• **ABOUT THIS EXERCISE**:
Scan the records for lines with the string "define". Say how many there are, and add nothing.

• **DATA EXCERPTS**:
BEGIN

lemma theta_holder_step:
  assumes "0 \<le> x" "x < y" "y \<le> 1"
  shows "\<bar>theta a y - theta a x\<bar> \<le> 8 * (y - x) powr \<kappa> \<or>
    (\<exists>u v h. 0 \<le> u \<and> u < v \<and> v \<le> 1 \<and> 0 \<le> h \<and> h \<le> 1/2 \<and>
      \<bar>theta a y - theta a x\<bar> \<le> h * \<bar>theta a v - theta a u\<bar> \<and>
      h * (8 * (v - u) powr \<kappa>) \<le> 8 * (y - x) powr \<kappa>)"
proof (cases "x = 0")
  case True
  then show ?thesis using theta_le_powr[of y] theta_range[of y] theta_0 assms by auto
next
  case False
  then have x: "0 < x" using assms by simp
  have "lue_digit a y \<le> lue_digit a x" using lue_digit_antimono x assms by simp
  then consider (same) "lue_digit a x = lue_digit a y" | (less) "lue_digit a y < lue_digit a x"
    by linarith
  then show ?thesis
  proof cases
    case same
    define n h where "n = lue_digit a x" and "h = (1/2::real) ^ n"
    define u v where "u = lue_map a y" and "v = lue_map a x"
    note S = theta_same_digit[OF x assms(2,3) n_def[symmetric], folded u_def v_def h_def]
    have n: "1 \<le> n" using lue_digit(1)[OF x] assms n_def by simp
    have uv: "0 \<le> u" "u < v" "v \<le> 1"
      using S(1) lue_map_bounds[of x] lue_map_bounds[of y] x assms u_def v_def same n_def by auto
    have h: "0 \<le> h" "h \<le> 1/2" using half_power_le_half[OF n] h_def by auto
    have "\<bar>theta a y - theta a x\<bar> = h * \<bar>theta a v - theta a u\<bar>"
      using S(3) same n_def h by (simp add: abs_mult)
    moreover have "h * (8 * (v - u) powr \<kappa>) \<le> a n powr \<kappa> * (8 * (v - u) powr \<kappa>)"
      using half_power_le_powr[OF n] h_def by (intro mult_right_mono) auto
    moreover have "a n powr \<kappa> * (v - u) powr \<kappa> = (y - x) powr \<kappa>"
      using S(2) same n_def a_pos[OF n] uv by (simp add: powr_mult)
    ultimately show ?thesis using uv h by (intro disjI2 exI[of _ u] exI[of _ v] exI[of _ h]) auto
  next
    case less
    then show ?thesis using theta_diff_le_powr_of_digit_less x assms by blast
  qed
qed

END

• **ANSWER AREA**:
2